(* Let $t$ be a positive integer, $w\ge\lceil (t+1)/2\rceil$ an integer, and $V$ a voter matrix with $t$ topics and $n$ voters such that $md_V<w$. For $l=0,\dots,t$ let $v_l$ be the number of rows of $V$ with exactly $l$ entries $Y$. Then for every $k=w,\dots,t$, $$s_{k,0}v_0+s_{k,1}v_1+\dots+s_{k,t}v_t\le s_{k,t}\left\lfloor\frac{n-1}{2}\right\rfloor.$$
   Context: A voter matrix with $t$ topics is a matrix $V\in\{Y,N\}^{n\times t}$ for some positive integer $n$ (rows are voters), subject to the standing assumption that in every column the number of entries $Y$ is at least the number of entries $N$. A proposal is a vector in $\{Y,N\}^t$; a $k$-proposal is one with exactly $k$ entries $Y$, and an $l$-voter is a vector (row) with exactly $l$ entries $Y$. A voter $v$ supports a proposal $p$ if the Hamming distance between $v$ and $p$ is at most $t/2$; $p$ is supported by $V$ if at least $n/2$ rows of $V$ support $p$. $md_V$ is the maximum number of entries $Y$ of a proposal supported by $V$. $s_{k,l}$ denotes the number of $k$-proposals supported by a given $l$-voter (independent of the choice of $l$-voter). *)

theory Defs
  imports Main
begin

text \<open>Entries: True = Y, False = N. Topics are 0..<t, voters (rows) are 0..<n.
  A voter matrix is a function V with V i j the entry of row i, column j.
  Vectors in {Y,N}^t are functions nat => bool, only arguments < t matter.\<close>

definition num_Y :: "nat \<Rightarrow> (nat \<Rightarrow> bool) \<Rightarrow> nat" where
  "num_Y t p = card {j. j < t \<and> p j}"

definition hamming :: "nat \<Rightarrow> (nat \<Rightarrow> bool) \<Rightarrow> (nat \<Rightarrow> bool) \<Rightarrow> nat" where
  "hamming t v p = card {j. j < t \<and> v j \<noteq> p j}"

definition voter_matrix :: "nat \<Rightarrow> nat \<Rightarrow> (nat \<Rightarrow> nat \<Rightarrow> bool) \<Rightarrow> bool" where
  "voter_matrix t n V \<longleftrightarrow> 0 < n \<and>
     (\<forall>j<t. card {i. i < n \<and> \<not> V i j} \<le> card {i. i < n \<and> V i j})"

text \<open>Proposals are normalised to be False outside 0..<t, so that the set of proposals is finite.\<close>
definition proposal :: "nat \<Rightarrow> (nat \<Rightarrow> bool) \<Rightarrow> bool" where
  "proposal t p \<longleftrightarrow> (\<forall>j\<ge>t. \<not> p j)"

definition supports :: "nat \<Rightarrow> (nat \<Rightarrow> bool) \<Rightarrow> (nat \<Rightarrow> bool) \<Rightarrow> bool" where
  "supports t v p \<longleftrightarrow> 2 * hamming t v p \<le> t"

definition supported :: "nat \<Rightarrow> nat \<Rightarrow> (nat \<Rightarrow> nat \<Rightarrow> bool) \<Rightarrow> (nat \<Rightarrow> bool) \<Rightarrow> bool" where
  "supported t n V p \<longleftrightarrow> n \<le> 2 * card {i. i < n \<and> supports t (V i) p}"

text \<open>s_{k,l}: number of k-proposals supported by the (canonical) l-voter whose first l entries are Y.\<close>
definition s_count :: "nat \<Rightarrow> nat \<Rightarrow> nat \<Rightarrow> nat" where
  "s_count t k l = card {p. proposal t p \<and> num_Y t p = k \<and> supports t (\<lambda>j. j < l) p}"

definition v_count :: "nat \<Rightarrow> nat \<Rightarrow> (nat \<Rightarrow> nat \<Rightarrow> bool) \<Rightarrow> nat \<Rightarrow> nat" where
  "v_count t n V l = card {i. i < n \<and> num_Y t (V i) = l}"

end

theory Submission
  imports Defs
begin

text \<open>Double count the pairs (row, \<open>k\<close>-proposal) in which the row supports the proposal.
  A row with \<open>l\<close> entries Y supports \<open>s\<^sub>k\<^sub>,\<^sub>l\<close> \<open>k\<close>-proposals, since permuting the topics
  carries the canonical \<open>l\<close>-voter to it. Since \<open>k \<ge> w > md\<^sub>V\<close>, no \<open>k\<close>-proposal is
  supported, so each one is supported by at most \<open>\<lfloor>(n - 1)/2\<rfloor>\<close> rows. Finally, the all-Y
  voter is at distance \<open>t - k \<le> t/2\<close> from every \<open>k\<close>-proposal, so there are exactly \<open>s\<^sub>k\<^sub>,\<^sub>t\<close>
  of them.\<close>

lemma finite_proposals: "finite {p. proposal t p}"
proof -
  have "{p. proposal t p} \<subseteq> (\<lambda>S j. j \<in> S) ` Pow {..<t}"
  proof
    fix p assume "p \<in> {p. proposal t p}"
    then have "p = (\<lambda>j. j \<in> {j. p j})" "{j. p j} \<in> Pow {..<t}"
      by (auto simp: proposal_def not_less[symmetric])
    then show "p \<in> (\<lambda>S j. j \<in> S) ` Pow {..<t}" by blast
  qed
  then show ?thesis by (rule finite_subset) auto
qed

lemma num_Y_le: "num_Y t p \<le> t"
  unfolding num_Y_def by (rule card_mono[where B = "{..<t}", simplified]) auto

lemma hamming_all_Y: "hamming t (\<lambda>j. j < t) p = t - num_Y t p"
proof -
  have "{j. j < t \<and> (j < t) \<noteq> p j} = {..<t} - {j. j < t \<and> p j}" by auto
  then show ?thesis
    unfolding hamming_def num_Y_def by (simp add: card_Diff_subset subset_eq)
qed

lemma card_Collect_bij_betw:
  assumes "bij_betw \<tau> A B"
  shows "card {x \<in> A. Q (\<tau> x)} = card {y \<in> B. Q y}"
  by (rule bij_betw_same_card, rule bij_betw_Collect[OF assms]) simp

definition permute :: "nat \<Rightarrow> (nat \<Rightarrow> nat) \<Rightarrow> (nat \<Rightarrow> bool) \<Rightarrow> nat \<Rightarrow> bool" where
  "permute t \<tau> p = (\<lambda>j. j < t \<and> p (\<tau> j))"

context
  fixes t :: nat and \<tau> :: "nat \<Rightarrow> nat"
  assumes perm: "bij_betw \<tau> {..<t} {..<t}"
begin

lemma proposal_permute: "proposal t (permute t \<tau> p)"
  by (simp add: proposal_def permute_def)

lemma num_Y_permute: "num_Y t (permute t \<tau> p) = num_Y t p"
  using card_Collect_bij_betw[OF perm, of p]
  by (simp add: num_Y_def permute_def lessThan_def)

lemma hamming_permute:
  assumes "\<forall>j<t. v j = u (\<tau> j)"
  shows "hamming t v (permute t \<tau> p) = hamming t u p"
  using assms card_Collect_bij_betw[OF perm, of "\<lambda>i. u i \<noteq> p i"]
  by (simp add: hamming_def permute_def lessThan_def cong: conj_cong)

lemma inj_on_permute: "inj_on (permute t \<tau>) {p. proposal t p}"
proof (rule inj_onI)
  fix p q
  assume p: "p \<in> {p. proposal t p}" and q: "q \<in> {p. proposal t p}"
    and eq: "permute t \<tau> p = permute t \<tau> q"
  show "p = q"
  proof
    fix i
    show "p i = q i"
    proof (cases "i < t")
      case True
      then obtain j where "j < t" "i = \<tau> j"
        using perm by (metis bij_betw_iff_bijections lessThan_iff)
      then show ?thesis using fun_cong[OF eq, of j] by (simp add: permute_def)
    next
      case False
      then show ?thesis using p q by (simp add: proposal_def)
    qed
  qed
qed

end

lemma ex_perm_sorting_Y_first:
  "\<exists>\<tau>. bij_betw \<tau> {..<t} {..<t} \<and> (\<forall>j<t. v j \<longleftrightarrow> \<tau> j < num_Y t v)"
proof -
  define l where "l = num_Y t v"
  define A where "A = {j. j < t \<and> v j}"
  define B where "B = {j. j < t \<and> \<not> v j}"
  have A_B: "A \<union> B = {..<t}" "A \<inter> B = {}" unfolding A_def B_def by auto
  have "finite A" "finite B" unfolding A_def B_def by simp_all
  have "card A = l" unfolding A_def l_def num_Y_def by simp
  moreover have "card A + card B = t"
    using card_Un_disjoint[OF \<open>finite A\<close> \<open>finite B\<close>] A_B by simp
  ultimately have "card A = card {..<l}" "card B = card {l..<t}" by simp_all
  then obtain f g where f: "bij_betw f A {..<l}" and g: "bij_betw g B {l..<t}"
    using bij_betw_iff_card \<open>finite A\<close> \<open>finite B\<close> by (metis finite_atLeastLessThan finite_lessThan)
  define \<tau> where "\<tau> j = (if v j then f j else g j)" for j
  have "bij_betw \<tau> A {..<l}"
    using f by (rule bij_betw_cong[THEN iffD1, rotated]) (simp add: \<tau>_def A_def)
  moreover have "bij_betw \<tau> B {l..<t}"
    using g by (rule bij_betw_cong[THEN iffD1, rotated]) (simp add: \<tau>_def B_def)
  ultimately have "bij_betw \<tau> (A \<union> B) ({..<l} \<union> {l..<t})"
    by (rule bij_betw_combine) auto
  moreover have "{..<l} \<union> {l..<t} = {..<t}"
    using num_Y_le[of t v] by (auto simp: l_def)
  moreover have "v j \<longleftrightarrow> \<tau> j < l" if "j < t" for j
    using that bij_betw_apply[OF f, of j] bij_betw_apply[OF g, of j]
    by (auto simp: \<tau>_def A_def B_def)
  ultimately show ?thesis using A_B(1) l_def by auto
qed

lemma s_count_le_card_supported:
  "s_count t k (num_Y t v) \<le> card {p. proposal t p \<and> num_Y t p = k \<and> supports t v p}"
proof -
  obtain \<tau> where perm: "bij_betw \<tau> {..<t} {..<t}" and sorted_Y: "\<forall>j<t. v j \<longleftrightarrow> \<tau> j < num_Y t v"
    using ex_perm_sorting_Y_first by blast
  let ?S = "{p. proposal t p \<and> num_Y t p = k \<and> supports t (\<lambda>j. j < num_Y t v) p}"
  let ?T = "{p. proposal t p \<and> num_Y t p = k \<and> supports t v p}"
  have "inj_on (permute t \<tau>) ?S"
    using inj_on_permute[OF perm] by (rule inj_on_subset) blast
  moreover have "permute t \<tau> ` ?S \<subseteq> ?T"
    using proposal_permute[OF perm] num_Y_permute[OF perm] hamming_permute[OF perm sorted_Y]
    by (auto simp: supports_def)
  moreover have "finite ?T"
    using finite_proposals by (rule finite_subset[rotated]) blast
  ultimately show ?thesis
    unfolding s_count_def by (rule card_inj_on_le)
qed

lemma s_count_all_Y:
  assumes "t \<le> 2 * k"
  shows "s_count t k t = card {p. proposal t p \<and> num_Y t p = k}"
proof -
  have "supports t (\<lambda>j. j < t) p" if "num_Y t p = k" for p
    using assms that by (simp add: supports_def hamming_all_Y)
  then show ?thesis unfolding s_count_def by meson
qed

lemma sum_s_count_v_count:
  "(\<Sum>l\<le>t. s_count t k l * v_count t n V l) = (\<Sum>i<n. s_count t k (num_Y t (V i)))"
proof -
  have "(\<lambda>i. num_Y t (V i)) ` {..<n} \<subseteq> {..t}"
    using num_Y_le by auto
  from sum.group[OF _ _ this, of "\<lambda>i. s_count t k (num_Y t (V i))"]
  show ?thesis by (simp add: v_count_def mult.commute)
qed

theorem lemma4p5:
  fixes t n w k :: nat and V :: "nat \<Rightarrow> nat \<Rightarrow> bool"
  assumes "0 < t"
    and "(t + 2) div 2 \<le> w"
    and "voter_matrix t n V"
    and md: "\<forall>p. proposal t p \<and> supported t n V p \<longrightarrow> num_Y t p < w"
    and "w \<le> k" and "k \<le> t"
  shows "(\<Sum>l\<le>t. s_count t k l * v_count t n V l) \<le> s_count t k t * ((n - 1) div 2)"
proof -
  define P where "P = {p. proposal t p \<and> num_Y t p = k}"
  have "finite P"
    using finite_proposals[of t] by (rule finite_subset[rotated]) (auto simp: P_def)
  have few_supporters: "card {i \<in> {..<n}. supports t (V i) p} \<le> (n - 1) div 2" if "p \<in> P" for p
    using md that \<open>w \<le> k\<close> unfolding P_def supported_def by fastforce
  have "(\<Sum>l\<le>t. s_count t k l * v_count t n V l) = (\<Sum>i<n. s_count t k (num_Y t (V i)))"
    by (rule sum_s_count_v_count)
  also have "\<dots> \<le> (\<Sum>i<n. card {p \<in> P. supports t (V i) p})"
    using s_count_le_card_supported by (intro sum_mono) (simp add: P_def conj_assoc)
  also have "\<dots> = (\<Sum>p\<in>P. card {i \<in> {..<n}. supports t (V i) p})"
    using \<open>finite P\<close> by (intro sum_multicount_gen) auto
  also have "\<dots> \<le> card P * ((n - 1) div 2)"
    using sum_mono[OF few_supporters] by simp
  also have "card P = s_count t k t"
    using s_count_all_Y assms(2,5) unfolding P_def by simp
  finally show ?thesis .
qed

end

★ ★ ★ ★ ★

▶ [YOUR TASK]: Repeat word for word every line from the start of the entries to the line holding "0 < n \<and>", inclusive, and nothing else.

▶ [COMPLETED EXERCISE]:
(* Let $t$ be a positive integer, $w\ge\lceil (t+1)/2\rceil$ an integer, and $V$ a voter matrix with $t$ topics and $n$ voters such that $md_V<w$. For $l=0,\dots,t$ let $v_l$ be the number of rows of $V$ with exactly $l$ entries $Y$. Then for every $k=w,\dots,t$, $$s_{k,0}v_0+s_{k,1}v_1+\dots+s_{k,t}v_t\le s_{k,t}\left\lfloor\frac{n-1}{2}\right\rfloor.$$
   Context: A voter matrix with $t$ topics is a matrix $V\in\{Y,N\}^{n\times t}$ for some positive integer $n$ (rows are voters), subject to the standing assumption that in every column the number of entries $Y$ is at least the number of entries $N$. A proposal is a vector in $\{Y,N\}^t$; a $k$-proposal is one with exactly $k$ entries $Y$, and an $l$-voter is a vector (row) with exactly $l$ entries $Y$. A voter $v$ supports a proposal $p$ if the Hamming distance between $v$ and $p$ is at most $t/2$; $p$ is supported by $V$ if at least $n/2$ rows of $V$ support $p$. $md_V$ is the maximum number of entries $Y$ of a proposal supported by $V$. $s_{k,l}$ denotes the number of $k$-proposals supported by a given $l$-voter (independent of the choice of $l$-voter). *)

theory Defs
  imports Main
begin

text \<open>Entries: True = Y, False = N. Topics are 0..<t, voters (rows) are 0..<n.
  A voter matrix is a function V with V i j the entry of row i, column j.
  Vectors in {Y,N}^t are functions nat => bool, only arguments < t matter.\<close>

definition num_Y :: "nat \<Rightarrow> (nat \<Rightarrow> bool) \<Rightarrow> nat" where
  "num_Y t p = card {j. j < t \<and> p j}"

definition hamming :: "nat \<Rightarrow> (nat \<Rightarrow> bool) \<Rightarrow> (nat \<Rightarrow> bool) \<Rightarrow> nat" where
  "hamming t v p = card {j. j < t \<and> v j \<noteq> p j}"

definition voter_matrix :: "nat \<Rightarrow> nat \<Rightarrow> (nat \<Rightarrow> nat \<Rightarrow> bool) \<Rightarrow> bool" where
  "voter_matrix t n V \<longleftrightarrow> 0 < n \<and>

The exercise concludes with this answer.